● Collected data:
^^^^

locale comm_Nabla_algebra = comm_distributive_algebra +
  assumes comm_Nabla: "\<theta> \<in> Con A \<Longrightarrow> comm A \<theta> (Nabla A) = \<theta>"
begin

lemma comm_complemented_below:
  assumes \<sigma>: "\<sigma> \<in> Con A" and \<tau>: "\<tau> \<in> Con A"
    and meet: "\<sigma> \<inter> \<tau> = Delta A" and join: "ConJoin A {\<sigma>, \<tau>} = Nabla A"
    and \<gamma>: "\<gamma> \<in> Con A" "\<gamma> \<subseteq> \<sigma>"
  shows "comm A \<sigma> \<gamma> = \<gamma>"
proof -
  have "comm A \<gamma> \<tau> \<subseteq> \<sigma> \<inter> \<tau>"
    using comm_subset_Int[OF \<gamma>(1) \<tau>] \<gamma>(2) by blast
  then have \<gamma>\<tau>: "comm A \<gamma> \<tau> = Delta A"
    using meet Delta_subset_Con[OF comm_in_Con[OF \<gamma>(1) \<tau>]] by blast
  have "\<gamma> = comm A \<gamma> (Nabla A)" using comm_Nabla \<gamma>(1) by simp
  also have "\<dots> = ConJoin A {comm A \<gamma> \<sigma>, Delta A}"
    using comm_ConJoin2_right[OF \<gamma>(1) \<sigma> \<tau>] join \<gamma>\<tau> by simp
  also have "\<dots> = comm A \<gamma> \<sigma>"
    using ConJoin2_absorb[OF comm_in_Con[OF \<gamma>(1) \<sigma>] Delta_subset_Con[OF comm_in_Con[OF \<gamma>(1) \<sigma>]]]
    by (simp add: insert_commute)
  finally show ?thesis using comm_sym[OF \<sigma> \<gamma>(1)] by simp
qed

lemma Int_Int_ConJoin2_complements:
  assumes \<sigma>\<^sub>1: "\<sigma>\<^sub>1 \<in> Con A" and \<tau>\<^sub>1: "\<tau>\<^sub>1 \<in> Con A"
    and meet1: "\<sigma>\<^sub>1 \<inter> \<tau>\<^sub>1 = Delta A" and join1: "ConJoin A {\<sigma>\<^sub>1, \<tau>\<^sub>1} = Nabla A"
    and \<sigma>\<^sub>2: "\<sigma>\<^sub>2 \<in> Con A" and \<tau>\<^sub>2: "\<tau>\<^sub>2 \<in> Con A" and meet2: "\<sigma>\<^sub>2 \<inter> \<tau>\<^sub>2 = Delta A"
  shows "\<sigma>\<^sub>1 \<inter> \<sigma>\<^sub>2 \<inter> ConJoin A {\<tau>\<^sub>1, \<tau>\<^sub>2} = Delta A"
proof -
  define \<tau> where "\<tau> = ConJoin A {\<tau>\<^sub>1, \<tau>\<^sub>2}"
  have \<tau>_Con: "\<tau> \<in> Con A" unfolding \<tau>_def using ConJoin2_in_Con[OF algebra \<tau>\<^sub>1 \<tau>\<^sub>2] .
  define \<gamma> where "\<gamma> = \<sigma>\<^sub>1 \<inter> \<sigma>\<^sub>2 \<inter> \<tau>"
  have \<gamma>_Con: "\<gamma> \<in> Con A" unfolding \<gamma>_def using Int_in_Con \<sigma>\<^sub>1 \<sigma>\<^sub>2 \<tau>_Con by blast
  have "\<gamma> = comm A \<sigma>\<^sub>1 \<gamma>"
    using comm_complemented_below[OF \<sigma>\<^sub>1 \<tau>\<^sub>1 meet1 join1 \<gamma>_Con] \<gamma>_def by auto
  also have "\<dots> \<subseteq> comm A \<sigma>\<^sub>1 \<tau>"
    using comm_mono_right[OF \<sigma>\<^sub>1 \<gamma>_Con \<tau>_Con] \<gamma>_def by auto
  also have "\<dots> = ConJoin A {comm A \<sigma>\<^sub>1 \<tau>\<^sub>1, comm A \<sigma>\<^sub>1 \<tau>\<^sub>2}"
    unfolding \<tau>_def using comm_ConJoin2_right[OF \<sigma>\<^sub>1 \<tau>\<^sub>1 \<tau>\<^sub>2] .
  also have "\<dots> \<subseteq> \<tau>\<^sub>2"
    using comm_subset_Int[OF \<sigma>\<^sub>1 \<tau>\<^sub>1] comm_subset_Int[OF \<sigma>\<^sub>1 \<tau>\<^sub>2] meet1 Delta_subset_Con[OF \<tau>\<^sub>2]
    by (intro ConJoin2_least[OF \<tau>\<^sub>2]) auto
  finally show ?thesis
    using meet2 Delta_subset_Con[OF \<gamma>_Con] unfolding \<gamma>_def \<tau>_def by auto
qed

^^^^

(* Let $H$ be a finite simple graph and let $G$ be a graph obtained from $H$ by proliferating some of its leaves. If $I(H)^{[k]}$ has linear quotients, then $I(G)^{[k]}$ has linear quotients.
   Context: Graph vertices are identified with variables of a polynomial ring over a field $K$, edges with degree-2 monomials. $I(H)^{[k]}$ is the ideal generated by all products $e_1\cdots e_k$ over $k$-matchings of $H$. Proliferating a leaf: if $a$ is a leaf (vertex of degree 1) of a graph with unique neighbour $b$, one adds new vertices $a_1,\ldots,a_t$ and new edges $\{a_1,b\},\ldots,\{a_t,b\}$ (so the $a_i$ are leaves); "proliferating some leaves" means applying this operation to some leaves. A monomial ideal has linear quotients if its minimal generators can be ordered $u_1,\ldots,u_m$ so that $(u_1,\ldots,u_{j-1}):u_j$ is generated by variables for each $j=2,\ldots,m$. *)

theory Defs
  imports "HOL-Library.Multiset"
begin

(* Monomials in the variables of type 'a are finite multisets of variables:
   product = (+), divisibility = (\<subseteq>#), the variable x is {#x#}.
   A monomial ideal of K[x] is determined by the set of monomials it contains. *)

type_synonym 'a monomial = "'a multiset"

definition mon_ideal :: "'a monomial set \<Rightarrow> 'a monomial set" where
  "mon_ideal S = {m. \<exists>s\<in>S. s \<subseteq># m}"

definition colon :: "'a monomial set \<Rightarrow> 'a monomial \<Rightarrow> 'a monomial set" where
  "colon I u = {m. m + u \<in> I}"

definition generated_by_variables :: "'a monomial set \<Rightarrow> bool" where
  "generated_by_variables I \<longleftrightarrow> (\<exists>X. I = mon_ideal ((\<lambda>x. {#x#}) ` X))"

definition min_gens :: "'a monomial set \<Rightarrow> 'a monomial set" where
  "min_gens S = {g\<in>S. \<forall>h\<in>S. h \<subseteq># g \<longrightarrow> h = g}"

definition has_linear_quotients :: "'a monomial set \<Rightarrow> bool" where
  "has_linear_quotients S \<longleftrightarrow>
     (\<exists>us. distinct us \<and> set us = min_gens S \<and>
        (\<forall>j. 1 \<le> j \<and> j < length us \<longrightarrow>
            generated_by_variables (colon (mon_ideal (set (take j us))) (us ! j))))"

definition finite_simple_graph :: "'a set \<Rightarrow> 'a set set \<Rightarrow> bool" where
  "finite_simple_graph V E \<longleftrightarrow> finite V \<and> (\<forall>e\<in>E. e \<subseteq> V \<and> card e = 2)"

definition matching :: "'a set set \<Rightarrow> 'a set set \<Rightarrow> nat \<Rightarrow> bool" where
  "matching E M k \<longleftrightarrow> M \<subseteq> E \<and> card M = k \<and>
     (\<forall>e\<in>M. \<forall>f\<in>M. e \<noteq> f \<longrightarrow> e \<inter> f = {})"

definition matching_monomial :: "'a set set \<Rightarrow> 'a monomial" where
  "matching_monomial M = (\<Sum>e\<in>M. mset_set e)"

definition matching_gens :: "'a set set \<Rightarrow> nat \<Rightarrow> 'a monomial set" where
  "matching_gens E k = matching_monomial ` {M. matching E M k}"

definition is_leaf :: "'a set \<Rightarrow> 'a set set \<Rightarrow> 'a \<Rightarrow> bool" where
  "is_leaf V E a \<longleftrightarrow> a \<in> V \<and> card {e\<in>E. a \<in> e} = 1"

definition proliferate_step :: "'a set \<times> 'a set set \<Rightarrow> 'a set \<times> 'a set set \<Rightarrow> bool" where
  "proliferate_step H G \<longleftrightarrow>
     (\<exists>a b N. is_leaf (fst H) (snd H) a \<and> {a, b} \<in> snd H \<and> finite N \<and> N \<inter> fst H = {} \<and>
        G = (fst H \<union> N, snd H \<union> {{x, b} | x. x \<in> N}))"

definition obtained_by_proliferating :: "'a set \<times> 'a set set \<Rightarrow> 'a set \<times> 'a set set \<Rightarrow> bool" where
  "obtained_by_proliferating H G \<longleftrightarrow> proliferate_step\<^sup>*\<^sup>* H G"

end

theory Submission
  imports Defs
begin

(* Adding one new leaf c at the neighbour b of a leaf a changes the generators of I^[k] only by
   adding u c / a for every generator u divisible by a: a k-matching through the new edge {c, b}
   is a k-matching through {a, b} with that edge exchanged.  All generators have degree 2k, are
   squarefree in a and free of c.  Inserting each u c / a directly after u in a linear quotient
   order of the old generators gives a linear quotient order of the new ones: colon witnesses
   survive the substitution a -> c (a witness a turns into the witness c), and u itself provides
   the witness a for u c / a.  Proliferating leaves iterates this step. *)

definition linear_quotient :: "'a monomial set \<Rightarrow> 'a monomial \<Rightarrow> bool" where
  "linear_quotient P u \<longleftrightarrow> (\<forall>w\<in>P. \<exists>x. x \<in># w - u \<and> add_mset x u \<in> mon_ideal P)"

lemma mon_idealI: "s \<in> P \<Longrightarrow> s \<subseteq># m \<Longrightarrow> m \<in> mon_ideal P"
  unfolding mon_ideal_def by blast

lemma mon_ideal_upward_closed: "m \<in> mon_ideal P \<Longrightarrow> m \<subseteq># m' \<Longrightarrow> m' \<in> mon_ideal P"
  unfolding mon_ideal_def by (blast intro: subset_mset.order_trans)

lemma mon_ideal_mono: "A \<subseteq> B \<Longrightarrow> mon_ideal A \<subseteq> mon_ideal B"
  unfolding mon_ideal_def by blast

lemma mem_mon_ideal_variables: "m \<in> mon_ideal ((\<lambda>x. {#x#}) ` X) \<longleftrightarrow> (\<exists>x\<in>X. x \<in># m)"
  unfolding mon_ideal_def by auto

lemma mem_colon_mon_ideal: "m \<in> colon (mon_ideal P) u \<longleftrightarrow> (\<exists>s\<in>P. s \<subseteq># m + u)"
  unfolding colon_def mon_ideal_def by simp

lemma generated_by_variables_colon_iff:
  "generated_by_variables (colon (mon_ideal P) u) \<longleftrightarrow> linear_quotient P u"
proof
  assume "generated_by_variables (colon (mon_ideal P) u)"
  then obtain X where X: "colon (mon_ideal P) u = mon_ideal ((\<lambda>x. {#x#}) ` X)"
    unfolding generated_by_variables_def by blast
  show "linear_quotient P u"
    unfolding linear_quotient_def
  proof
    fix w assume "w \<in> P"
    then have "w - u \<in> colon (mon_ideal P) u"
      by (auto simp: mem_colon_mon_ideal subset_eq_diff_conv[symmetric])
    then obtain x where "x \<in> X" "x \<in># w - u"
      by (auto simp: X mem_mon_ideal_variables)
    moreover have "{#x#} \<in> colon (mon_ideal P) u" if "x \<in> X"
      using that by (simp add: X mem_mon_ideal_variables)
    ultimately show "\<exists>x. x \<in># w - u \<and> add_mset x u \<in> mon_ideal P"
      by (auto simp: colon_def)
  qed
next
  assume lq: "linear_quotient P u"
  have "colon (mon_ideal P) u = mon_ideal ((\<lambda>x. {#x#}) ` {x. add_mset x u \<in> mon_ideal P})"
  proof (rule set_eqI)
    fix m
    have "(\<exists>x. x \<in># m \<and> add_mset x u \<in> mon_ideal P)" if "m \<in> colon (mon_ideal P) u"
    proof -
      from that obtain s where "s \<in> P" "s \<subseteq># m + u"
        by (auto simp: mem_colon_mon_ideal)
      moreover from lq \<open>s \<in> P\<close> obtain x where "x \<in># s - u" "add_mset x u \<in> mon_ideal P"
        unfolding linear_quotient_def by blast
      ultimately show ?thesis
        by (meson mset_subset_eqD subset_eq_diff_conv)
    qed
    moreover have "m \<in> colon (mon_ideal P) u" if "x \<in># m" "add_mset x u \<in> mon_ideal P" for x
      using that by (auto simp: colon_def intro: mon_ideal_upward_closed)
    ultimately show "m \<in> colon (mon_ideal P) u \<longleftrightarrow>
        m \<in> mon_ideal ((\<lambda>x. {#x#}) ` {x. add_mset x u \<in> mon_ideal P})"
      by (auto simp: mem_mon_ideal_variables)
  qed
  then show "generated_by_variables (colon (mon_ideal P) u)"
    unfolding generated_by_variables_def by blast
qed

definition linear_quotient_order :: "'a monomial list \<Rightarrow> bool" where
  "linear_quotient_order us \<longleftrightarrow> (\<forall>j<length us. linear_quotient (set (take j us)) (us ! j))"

^^^^

● Task details:
In the data above, find the line that contains "theory Defs" and the line that contains "monomial \<Rightarrow> 'a". Repeat exactly those lines and every line between them, and only those.

● Task solution:
theory Defs
  imports "HOL-Library.Multiset"
begin

(* Monomials in the variables of type 'a are finite multisets of variables:
   product = (+), divisibility = (\<subseteq>#), the variable x is {#x#}.
   A monomial ideal of K[x] is determined by the set of monomials it contains. *)

type_synonym 'a monomial = "'a multiset"

definition mon_ideal :: "'a monomial set \<Rightarrow> 'a monomial set" where
  "mon_ideal S = {m. \<exists>s\<in>S. s \<subseteq># m}"

definition colon :: "'a monomial set \<Rightarrow> 'a monomial \<Rightarrow> 'a monomial set" where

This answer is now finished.